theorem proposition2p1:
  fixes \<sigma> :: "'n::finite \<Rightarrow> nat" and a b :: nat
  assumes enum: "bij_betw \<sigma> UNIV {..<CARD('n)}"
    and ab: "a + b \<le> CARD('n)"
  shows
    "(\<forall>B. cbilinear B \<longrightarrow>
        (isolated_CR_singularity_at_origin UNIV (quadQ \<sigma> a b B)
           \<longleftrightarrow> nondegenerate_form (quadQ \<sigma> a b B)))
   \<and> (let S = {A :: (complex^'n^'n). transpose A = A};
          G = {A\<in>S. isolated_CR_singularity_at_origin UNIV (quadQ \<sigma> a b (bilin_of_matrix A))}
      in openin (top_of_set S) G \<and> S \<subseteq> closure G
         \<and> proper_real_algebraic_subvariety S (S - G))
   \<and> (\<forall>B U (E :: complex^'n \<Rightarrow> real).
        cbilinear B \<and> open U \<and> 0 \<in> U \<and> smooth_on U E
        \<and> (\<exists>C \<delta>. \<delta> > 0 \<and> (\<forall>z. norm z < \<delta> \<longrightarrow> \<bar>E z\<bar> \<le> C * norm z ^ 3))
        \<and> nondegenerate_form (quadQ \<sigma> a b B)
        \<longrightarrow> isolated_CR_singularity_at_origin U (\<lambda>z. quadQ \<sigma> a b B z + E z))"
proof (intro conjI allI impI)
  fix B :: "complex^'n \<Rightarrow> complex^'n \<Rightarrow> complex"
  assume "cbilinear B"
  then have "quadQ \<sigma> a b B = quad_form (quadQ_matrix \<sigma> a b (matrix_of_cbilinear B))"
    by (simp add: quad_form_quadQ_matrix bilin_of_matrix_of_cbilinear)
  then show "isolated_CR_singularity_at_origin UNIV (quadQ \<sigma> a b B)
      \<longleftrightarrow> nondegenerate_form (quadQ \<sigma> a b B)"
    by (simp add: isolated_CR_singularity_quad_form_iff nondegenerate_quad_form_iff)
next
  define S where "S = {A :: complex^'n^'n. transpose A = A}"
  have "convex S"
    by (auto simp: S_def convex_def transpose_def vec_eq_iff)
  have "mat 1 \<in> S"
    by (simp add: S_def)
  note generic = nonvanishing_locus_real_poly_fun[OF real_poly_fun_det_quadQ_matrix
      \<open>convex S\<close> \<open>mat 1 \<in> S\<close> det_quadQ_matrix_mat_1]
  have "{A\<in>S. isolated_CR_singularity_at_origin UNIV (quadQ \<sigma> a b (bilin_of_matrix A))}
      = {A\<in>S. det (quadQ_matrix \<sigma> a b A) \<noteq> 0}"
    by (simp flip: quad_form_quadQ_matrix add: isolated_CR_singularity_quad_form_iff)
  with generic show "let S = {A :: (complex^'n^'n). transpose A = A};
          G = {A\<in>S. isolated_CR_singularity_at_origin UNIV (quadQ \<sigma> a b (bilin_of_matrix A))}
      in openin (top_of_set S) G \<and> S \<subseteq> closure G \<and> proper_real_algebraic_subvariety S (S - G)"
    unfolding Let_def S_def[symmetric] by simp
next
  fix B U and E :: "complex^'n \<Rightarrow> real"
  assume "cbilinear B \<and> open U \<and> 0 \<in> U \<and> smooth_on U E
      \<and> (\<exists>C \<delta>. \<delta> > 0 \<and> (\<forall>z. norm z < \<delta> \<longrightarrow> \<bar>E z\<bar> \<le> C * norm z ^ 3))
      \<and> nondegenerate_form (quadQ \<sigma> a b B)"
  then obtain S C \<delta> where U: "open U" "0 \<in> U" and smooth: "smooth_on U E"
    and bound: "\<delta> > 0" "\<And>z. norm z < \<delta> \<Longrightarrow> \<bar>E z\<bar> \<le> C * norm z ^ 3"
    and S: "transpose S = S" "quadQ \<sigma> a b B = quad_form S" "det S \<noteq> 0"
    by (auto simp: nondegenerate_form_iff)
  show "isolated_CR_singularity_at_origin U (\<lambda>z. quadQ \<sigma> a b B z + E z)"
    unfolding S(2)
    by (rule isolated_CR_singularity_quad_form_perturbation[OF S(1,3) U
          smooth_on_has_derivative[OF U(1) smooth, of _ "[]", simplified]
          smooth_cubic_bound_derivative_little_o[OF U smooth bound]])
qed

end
---
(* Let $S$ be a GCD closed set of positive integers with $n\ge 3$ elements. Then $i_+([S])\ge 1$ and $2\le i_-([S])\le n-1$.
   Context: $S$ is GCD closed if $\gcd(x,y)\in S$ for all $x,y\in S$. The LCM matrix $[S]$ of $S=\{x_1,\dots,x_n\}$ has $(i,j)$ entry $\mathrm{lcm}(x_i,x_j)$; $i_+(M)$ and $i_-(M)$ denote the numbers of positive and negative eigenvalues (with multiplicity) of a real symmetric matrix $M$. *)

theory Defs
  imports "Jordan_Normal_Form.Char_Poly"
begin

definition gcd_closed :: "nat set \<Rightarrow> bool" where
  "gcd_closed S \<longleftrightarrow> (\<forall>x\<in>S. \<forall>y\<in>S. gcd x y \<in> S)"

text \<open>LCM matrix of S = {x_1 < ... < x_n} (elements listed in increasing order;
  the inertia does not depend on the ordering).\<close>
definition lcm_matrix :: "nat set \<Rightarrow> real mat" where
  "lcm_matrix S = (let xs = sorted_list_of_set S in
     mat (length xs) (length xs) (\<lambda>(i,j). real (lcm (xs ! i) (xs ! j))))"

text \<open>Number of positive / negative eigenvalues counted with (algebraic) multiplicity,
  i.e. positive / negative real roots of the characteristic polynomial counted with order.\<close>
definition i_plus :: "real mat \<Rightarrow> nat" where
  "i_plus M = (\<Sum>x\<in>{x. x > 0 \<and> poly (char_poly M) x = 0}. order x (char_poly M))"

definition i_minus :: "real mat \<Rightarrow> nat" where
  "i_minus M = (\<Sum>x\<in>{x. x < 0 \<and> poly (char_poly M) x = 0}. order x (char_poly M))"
* * *
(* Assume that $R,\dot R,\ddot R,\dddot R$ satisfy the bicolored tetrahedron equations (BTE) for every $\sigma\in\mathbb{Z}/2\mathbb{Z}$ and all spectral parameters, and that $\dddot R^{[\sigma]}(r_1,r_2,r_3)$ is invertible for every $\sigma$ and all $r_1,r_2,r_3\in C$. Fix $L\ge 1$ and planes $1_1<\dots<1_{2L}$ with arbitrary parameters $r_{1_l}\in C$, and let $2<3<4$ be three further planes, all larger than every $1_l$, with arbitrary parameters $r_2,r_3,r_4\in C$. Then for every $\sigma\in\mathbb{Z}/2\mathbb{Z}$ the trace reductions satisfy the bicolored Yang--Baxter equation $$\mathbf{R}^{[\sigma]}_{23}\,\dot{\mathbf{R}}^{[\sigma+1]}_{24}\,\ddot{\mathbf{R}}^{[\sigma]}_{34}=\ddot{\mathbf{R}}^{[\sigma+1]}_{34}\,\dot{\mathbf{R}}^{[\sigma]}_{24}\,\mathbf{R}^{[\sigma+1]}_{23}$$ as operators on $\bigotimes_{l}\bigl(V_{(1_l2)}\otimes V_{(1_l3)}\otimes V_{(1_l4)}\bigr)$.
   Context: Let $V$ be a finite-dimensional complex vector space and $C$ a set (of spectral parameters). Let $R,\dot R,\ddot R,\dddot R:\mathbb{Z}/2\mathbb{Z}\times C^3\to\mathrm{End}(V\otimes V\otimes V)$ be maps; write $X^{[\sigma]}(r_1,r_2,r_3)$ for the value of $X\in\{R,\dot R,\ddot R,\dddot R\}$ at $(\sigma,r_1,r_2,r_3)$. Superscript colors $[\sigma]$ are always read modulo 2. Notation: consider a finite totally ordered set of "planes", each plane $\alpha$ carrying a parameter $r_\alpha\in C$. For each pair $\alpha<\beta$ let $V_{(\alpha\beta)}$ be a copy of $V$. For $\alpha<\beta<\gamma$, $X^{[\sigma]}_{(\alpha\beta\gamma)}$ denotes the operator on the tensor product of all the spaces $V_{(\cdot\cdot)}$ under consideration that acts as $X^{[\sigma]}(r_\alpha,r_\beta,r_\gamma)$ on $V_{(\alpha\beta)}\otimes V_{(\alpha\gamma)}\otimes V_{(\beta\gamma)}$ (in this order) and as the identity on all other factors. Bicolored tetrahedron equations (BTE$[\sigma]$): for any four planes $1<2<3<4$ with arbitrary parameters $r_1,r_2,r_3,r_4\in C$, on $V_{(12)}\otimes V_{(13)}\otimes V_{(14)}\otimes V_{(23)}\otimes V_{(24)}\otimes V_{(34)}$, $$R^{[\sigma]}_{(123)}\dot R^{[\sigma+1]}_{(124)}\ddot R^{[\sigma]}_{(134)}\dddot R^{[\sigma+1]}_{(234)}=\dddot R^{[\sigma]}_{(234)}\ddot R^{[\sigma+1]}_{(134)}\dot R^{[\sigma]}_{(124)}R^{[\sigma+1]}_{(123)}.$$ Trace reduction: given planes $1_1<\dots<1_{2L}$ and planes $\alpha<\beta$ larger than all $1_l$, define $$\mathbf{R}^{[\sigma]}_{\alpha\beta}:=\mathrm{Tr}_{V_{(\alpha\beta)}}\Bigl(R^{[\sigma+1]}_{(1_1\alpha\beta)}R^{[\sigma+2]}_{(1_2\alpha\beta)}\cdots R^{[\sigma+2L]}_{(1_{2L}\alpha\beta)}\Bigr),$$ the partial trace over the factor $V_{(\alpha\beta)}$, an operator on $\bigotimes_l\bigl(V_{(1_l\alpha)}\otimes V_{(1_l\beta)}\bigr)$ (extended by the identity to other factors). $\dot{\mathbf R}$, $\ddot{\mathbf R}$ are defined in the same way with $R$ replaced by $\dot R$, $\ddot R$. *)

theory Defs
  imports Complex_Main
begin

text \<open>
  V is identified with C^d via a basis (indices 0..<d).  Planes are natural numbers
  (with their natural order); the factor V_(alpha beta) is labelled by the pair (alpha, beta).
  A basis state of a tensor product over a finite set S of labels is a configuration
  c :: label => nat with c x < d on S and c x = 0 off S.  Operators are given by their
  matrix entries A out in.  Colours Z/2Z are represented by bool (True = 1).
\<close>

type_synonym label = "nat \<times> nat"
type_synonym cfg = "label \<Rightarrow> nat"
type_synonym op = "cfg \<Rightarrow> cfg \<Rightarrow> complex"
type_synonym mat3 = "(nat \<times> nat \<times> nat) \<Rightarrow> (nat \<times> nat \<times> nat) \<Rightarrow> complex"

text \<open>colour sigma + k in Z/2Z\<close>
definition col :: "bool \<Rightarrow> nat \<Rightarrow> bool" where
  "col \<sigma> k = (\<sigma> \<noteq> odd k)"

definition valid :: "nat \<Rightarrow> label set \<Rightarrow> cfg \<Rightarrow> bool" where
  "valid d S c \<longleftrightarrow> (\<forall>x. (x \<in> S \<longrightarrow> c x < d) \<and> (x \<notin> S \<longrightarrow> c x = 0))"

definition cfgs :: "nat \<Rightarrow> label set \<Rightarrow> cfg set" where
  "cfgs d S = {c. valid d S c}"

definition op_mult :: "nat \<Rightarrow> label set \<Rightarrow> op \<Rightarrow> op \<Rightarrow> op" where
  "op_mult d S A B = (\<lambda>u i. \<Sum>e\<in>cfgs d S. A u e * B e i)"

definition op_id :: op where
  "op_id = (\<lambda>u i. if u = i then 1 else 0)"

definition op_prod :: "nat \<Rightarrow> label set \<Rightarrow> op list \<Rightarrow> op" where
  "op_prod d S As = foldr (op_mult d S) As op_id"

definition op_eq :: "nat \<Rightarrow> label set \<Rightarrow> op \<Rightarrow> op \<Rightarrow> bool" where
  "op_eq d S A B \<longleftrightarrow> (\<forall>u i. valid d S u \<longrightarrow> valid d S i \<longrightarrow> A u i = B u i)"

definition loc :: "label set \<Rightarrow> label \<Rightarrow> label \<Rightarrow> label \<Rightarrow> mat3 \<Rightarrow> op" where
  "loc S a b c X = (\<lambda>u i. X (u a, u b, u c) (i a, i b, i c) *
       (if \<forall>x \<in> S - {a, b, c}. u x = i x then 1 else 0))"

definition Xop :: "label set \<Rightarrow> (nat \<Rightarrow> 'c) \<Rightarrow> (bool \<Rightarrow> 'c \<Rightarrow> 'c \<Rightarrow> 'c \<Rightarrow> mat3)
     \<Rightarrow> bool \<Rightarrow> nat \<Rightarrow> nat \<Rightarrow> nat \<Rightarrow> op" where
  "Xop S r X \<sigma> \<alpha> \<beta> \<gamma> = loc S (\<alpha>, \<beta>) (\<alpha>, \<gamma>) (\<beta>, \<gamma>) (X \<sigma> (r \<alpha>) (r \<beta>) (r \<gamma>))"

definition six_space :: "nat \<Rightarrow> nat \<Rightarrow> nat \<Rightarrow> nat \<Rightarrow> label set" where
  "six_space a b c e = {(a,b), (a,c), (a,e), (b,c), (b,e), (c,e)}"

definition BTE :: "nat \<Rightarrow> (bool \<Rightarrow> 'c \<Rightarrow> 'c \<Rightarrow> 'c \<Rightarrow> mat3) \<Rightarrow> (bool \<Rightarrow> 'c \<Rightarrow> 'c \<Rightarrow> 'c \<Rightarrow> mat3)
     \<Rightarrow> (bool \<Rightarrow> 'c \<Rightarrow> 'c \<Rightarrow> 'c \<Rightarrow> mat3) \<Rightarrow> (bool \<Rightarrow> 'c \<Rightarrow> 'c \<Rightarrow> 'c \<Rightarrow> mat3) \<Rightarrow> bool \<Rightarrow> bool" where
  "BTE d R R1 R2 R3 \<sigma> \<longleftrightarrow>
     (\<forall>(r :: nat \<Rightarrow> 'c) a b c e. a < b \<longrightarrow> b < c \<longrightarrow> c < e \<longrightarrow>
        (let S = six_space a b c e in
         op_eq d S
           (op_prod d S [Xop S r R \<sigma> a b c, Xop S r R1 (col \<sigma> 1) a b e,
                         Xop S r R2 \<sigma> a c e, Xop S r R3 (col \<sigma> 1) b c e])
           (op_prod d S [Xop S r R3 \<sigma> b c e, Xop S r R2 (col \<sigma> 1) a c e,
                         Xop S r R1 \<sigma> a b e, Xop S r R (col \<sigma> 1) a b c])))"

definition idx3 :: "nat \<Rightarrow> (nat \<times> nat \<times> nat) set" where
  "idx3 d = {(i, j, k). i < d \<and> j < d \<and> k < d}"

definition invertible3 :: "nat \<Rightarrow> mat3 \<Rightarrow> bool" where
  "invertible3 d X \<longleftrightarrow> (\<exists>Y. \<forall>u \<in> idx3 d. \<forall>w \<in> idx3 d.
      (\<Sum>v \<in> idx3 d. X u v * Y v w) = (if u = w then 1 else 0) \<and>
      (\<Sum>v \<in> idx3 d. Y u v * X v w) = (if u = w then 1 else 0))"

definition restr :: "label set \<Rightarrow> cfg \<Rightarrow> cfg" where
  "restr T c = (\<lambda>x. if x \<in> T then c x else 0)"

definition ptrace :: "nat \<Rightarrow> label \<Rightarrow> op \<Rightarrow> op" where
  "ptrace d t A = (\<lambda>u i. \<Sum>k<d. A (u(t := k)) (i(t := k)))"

#### Exercise aim:
All lines of the records containing "multiplicity" should be shown.

#### Written response:
   Context: $S$ is GCD closed if $\gcd(x,y)\in S$ for all $x,y\in S$. The LCM matrix $[S]$ of $S=\{x_1,\dots,x_n\}$ has $(i,j)$ entry $\mathrm{lcm}(x_i,x_j)$; $i_+(M)$ and $i_-(M)$ denote the numbers of positive and negative eigenvalues (with multiplicity) of a real symmetric matrix $M$. *)
text \<open>Number of positive / negative eigenvalues counted with (algebraic) multiplicity,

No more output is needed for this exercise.